Guided Decoding#
Guided decoding (or interchangeably constrained decoding, structured generation) guarantees that the LLM outputs are amenable to a user-specified grammar (e.g., JSON schema, regular expression or EBNF grammar).
TensorRT LLM supports two grammar backends:
XGrammar: Supports JSON schema, regular expression, EBNF and structural tag.
LLGuidance: Supports JSON schema, regular expression, EBNF.
Online API: trtllm-serve#
If you are using trtllm-serve, enable guided decoding by specifying guided_decoding_backend with xgrammar or llguidance in the YAML configuration file, and pass it to --extra_llm_api_options. For example,
cat > extra_llm_api_options.yaml <<EOF
guided_decoding_backend: xgrammar
EOF
trtllm-serve nvidia/Llama-3.1-8B-Instruct-FP8 --extra_llm_api_options extra_llm_api_options.yaml
You should see a log like the following, which indicates the grammar backend is successfully enabled.
......
[TRT-LLM] [I] Guided decoder initialized with backend: GuidedDecodingBackend.XGRAMMAR
......
JSON Schema#
Define a JSON schema and pass it to response_format when creating the OpenAI chat completion request. Alternatively, the JSON schema can be created using pydantic.
from openai import OpenAI
client = OpenAI(
base_url="http://localhost:8000/v1",
api_key="tensorrt_llm",
)
json_schema = {
"type": "object",
"properties": {
"name": {
"type": "string",
"pattern": "^[\\w]+$"
},
"population": {
"type": "integer"
},
},
"required": ["name", "population"],
}
messages = [
{
"role": "system",
"content": "You are a helpful assistant.",
},
{
"role": "user",
"content": "Give me the information of the capital of France in the JSON format.",
},
]
chat_completion = client.chat.completions.create(
model="nvidia/Llama-3.1-8B-Instruct-FP8",
messages=messages,
max_completion_tokens=256,
response_format={
"type": "json",
"schema": json_schema
},
)
message = chat_completion.choices[0].message
print(message.content)
The output would look like:
{
"name": "Paris",
"population": 2145200
}
Regular expression#
Define a regular expression and pass it to response_format when creating the OpenAI chat completion request.
from openai import OpenAI
client = OpenAI(
base_url="http://localhost:8000/v1",
api_key="tensorrt_llm",
)
messages = [
{
"role": "system",
"content": "You are a helpful assistant.",
},
{
"role": "user",
"content": "What is the capital of France?",
},
]
chat_completion = client.chat.completions.create(
model="nvidia/Llama-3.1-8B-Instruct-FP8",
messages=messages,
max_completion_tokens=256,
response_format={
"type": "regex",
"regex": "(Paris|London)"
},
)
message = chat_completion.choices[0].message
print(message.content)
The output would look like:
Paris
EBNF grammar#
Define an EBNF grammar and pass it to response_format when creating the OpenAI chat completion request.
from openai import OpenAI
client = OpenAI(
base_url="http://localhost:8000/v1",
api_key="tensorrt_llm",
)
ebnf_grammar = """root ::= description
city ::= "London" | "Paris" | "Berlin" | "Rome"
description ::= city " is " status
status ::= "the capital of " country
country ::= "England" | "France" | "Germany" | "Italy"
"""
messages = [
{
"role": "system",
"content": "You are a helpful geography bot."
},
{
"role": "user",
"content": "Give me the information of the capital of France.",
},
]
chat_completion = client.chat.completions.create(
model="nvidia/Llama-3.1-8B-Instruct-FP8",
messages=messages,
max_completion_tokens=256,
response_format={
"type": "ebnf",
"ebnf": ebnf_grammar
},
)
message = chat_completion.choices[0].message
print(message.content)
The output would look like:
Paris is the capital of France
Structural tag#
Define a structural tag and pass it to response_format when creating the OpenAI chat completion request.
Structural tag is supported by xgrammar backend only.
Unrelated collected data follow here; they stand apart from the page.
text \<open>The
  nearest point pi of the limit v satisfies inner (c - pi) (v - pi) \<le> 0 on the set, and
  passing to the limit gives norm (v - pi) = 0.\<close>

lemma weak_limit_in_convex:
  fixes C :: "'b::real_inner set"
  assumes conv: "convex C" and comp: "complete C"
    and sC: "\<And>n. s n \<in> C" and ws: "weakly_converges s v"
  shows "v \<in> C"
proof -
  have ne: "C \<noteq> {}" using sC by blast
  obtain \<pi> where \<pi>: "\<pi> \<in> C" "\<And>c. c \<in> C \<Longrightarrow> dist v \<pi> \<le> dist v c"
    using nearest_point_exists[OF conv comp ne] by blast
  have "inner (s n - \<pi>) (v - \<pi>) \<le> 0" for n
    using any_closest_point_dot[OF conv complete_imp_closed[OF comp] \<pi>(1) sC] \<pi>(2)
    by (simp add: inner_commute)
  moreover have "(\<lambda>n. inner (s n - \<pi>) (v - \<pi>)) \<longlonglongrightarrow> inner (v - \<pi>) (v - \<pi>)"
    using tendsto_diff[OF ws[unfolded weakly_converges_def, rule_format, of "v - \<pi>"]
        tendsto_const[of "inner \<pi> (v - \<pi>)"]]
    by (simp add: inner_diff_left)
  ultimately have "inner (v - \<pi>) (v - \<pi>) \<le> 0" by (intro LIMSEQ_le_const2) auto
  then have "v = \<pi>" using inner_ge_zero[of "v - \<pi>"] by simp
  then show ?thesis using \<pi>(1) by simp
qed
theory Submission
  imports Defs "HOL-Analysis.Analysis"
begin

(* Clamping the vector field to the unit box makes it globally Lipschitz, so Picard iteration
   yields a solution on any interval [0, T], and this solution solves the original system for as
   long as it stays in the box.  With u(t) = eps exp(-t/2), the barriers
     |x| < 2 u + 16 delta^2   and   |y| < delta (11/10 + 8 (eps - u) + 5 delta t)
   hold at t = 0, and at a first time where one of them is touched the system pushes the solution
   strictly back inside: x is damped by the term -x, while y grows at rate at most
   |y| (|x| + |y|) = O(delta (u + delta)).  Up to time 1/(10 delta) the barriers stay below 1/40
   and 2 delta, so the solution never leaves the box. *)

section \<open>Picard iteration for globally Lipschitz fields\<close>

lemma integral_monomial:
  assumes "0 \<le> t"
  shows "integral {0..t} (\<lambda>s. s ^ n) = t ^ Suc n / Suc n"
proof -
  have "((\<lambda>s. s ^ Suc n / Suc n) has_real_derivative s ^ n) (at s within {0..t})" for s
    using DERIV_cdivide[OF DERIV_pow[of "Suc n" s], of "Suc n"] by (simp del: of_nat_Suc)
  then have "((\<lambda>s. s ^ n) has_integral t ^ Suc n / Suc n - 0 ^ Suc n / Suc n) {0..t}"
    using assms by (intro fundamental_theorem_of_calculus)
      (auto simp: has_real_derivative_iff_has_vector_derivative[symmetric])
  then show ?thesis by (simp add: integral_unique)
qed

fun picard_iter :: "('a::banach \<Rightarrow> 'a) \<Rightarrow> 'a \<Rightarrow> nat \<Rightarrow> real \<Rightarrow> 'a" where
  "picard_iter f u0 0 = (\<lambda>t. u0)"
| "picard_iter f u0 (Suc n) = (\<lambda>t. u0 + integral {0..t} (\<lambda>s. f (picard_iter f u0 n s)))"
(* Let $A\in\mathsf{M}_n(\mathbb{C})$ be $h$-cyclic with consecutive partition $P=\{V_1,\dots,V_h\}$, so that $A$ has the block form in which the only possibly nonzero blocks are $A_{12},A_{23},\dots,A_{h-1,h},A_{h1}$. Then $A$ is singular if and only if at least one of the matrices $B_1,\dots,B_h$ is singular.
   Context: $P=\{V_1,\dots,V_h\}$ is a consecutive partition of $\{1,\dots,n\}$ into nonempty sets: $V_1=\{1,\dots,i_1\}$, $V_2=\{i_1+1,\dots,i_2\}$, \dots, $V_h=\{i_{h-1}+1,\dots,n\}$. $A_{ij}$ denotes the submatrix $A(V_i,V_j)$ with rows indexed by $V_i$ and columns by $V_j$. $A$ being $h$-cyclic with partition $P$ means $A_{ij}=0$ unless $j\equiv i+1\pmod h$. Let $\alpha$ be the permutation of $\{1,\dots,h\}$ given by $\alpha(i)=(i\bmod h)+1$. For $i\in\{1,\dots,h\}$ and $p\in\mathbb{N}$, $B_{ip}:=\prod_{j=h+1-p}^{h}A_{\alpha^{j-1}(i),\alpha^{j}(i)}$ (product taken in increasing order of $j$), and $B_i:=B_{ih}=A_{i,\alpha(i)}A_{\alpha(i),\alpha^2(i)}\cdots A_{\alpha^{h-1}(i),i}$, a square matrix of order $|V_i|$. *)

theory Defs
  imports "Jordan_Normal_Form.Determinant"
begin

text \<open>A consecutive partition of the index set (0-based: rows/cols 0..n-1) into h blocks is
  given by breakpoints i 0 = 0 < i 1 < ... < i h = n; block V_k (k = 1..h) is {i(k-1) ..< i k}.\<close>

definition consec_partition :: "nat \<Rightarrow> nat \<Rightarrow> (nat \<Rightarrow> nat) \<Rightarrow> bool" where
  "consec_partition n h brk \<longleftrightarrow> brk 0 = 0 \<and> brk h = n \<and> strict_mono_on {0..h} brk"

definition blk_size :: "(nat \<Rightarrow> nat) \<Rightarrow> nat \<Rightarrow> nat" where
  "blk_size brk k = brk k - brk (k - 1)"

definition blk :: "'a mat \<Rightarrow> (nat \<Rightarrow> nat) \<Rightarrow> nat \<Rightarrow> nat \<Rightarrow> 'a mat" where
  "blk A brk j k = mat (blk_size brk j) (blk_size brk k)
     (\<lambda>(r, c). A $$ (brk (j - 1) + r, brk (k - 1) + c))"

definition h_cyclic :: "'a::zero mat \<Rightarrow> nat \<Rightarrow> (nat \<Rightarrow> nat) \<Rightarrow> bool" where
  "h_cyclic A h brk \<longleftrightarrow> (\<forall>j\<in>{1..h}. \<forall>k\<in>{1..h}.
     k mod h \<noteq> (j + 1) mod h \<longrightarrow> blk A brk j k = 0\<^sub>m (blk_size brk j) (blk_size brk k))"

definition cyc_alpha :: "nat \<Rightarrow> nat \<Rightarrow> nat" where
  "cyc_alpha h i = (i mod h) + 1"

text \<open>B_{ip} = A_{\<alpha>^{h-p}(i),\<alpha>^{h-p+1}(i)} \<cdots> A_{\<alpha>^{h-1}(i),\<alpha>^h(i)}; we only need
  B_i = B_{ih} = A_{i,\<alpha>(i)} A_{\<alpha>(i),\<alpha>^2(i)} \<cdots> A_{\<alpha>^{h-1}(i),i}, the product of the
  first m factors being cyc_prod A h brk i m.\<close>
fun cyc_prod :: "'a::comm_ring_1 mat \<Rightarrow> nat \<Rightarrow> (nat \<Rightarrow> nat) \<Rightarrow> nat \<Rightarrow> nat \<Rightarrow> 'a mat" where
  "cyc_prod A h brk i 0 = 1\<^sub>m (blk_size brk i)"
| "cyc_prod A h brk i (Suc m) = cyc_prod A h brk i m *
     blk A brk ((cyc_alpha h ^^ m) i) ((cyc_alpha h ^^ Suc m) i)"

definition B_mat :: "'a::comm_ring_1 mat \<Rightarrow> nat \<Rightarrow> (nat \<Rightarrow> nat) \<Rightarrow> nat \<Rightarrow> 'a mat" where
  "B_mat A h brk i = cyc_prod A h brk i h"

end

theory Submission
  imports Defs
begin

(* The equation A x = 0 decouples along the partition: the V_j-part of A x is A_{j,\<alpha>(j)}
   applied to the V_{\<alpha>(j)}-part of x, and \<alpha> permutes the blocks. Hence A is singular iff some
   (rectangular) block A_{j,\<alpha>(j)} annihilates a nonzero vector. Such a block is the last
   factor of the cyclic product B_{\<alpha>(j)}, which is then singular; conversely, a nonzero
   vector annihilated by a product yields one annihilated by one of its factors. *)

definition nontrivial_kernel :: "'a::semiring_0 mat \<Rightarrow> bool" where
  "nontrivial_kernel M \<longleftrightarrow>
     (\<exists>v \<in> carrier_vec (dim_col M). v \<noteq> 0\<^sub>v (dim_col M) \<and> M *\<^sub>v v = 0\<^sub>v (dim_row M))"

lemma det_eq_0_iff_nontrivial_kernel:
  fixes M :: "'a::idom mat"
  assumes "M \<in> carrier_mat n n"
  shows "det M = 0 \<longleftrightarrow> nontrivial_kernel M"
  using assms unfolding nontrivial_kernel_def det_0_iff_vec_prod_zero[OF assms] by auto

lemma not_nontrivial_kernel_one: "\<not> nontrivial_kernel (1\<^sub>m n :: 'a::semiring_1 mat)"
  unfolding nontrivial_kernel_def by auto
lemma bas_long_path_knG:
  assumes fq: "finite_quiver G" and p: "is_path G q" "n \<le> plen q"
  shows "bas q \<in> knG G n"
proof -
  obtain v l where q: "q = (v, l)" by (cases q)
  define l1 where "l1 = take n l"
  define l2 where "l2 = drop n l"
  have l: "l = l1 @ l2" by (simp add: l1_def l2_def)
  have len: "length l1 = n" using p q by (simp add: l1_def plen_def)
  have p1: "is_path G (v, l1)" and p2: "is_path G (pend G (v,l1), l2)"
    using is_path_split[of G v l1 l2] p q l fq by auto
  have "pmul G (bas (v,l1)) (bas (pend G (v,l1), l2)) = bas q"
    by (simp add: pmul_bas_bas pjoin_def q l)
  moreover have "bas (v,l1) \<in> knG G n" using p1 len by (intro knG.gen) (auto simp: plen_def)
  ultimately show ?thesis using knG.rmul[of "bas (pend G (v,l1), l2)" G "bas (v,l1)" n] p2 bas_PA
    by metis
qed

lemma vanishes_short_knG:
  fixes x :: "_ \<Rightarrow> 'k::field"
  assumes fq: "finite_quiver G" and x: "x \<in> PA G" and z: "\<forall>p. plen p < n \<longrightarrow> x p = 0"
  shows "x \<in> knG G n"
proof -
  have "x = (\<lambda>p. \<Sum>q\<in>supp x. x q * bas q p)" using x by (intro bas_expansion) (auto simp: PA_def)
  also have "\<dots> \<in> knG G n"
  proof (rule knG_sum)
    show "finite (supp x)" using x by (simp add: PA_def)
    fix q assume q: "q \<in> supp x"
    then have "is_path G q" using x by (auto simp: PA_def supp_def)
    moreover have "n \<le> plen q"
    proof (rule ccontr)
      assume "\<not> n \<le> plen q"
      then have "x q = 0" using z[rule_format, of q] by simp
      then show False using q by (simp add: supp_def)
    qed
    ultimately show "(\<lambda>p. x q * bas q p) \<in> knG G n" using bas_long_path_knG[OF fq] by (intro knG.smul)
  qed
  finally show ?thesis .
qed

lemma knG_iff:
  fixes x :: "_ \<Rightarrow> 'k::field"
  assumes fq: "finite_quiver G"
  shows "x \<in> knG G n \<longleftrightarrow> x \<in> PA G \<and> trunc n x = (\<lambda>_. 0)"
  using knG_vanishes_short[of x G n] vanishes_short_knG[OF fq, of x n] by (auto simp: trunc_def fun_eq_iff)

text \<open>Truncating an arbitrary representative gives the same function for every choice,
  so canon n X is a canonical representative of the coset X.\<close>
definition canon :: "nat \<Rightarrow> ('v,'e,'k::field) qelem \<Rightarrow> ('v,'e) path \<Rightarrow> 'k" where
  "canon n X = trunc n (rep X)"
It is a powerful and flexible tool to represent the LLM output constraints. Please see structural tag usage for a comprehensive tutorial. Below is an example of function calling with customized function call format for Llama-3.1-8B-Instruct.
from openai import OpenAI
client = OpenAI(
base_url="http://localhost:8000/v1",
api_key="tensorrt_llm",
)
tool_get_current_weather = {
"type": "function",
"function": {
"name": "get_current_weather",
"description": "Get the current weather in a given location",
"parameters": {
"type": "object",
"properties": {
"city": {
"type": "string",
"description": "The city to find the weather for, e.g. 'San Francisco'",
},
"state": {
"type": "string",
"description": "the two-letter abbreviation for the state that the city is in, e.g. 'CA' which would mean 'California'",
},
"unit": {
"type": "string",
"description": "The unit to fetch the temperature in",
"enum": ["celsius", "fahrenheit"],
},
},
"required": ["city", "state", "unit"],
},
},
}
tool_get_current_date = {
"type": "function",
"function": {
"name": "get_current_date",
"description": "Get the current date and time for a given timezone",
"parameters": {
"type": "object",
"properties": {
"timezone": {
"type": "string",
"description": "The timezone to fetch the current date and time for, e.g. 'America/New_York'",
}
},
"required": ["timezone"],
},
},
}
system_prompt = f"""# Tool Instructions
- Always execute python code in messages that you share.
- When looking for real time information use relevant functions if available else fallback to brave_search
You have access to the following functions:
Use the function 'get_current_weather' to: Get the current weather in a given location
{tool_get_current_weather["function"]}
Use the function 'get_current_date' to: Get the current date and time for a given timezone
{tool_get_current_date["function"]}
If a you choose to call a function ONLY reply in the following format:
<{{start_tag}}={{function_name}}>{{parameters}}{{end_tag}}
where
start_tag => `<function`
parameters => a JSON dict with the function argument name as key and function argument value as value.
end_tag => `</function>`
Here is an example,
<function=example_function_name>{{"example_name": "example_value"}}</function>
Reminder:
- Function calls MUST follow the specified format
- Required parameters MUST be specified
- Only call one function at a time
- Put the entire function call reply on one line
- Always add your sources when using search results to answer the user query
You are a helpful assistant."""
user_prompt = "You are in New York. Please get the current date and time, and the weather."
messages = [
{
"role": "system",
"content": system_prompt,
},
{
"role": "user",
"content": user_prompt,
},
]
chat_completion = client.chat.completions.create(
model="nvidia/Llama-3.1-8B-Instruct-FP8",
messages=messages,
max_completion_tokens=256,
response_format={
"type": "structural_tag",
"format": {
"type": "triggered_tags",
"triggers": ["<function="],
"tags": [
{
"begin": "<function=get_current_weather>",
"content": {
"type": "json_schema",
"json_schema": tool_get_current_weather["function"]["parameters"]
},
"end": "</function>",
},
{
"begin": "<function=get_current_date>",
"content": {
"type": "json_schema",
"json_schema": tool_get_current_date["function"]["parameters"]
},
"end": "</function>",
},
],
},
},
)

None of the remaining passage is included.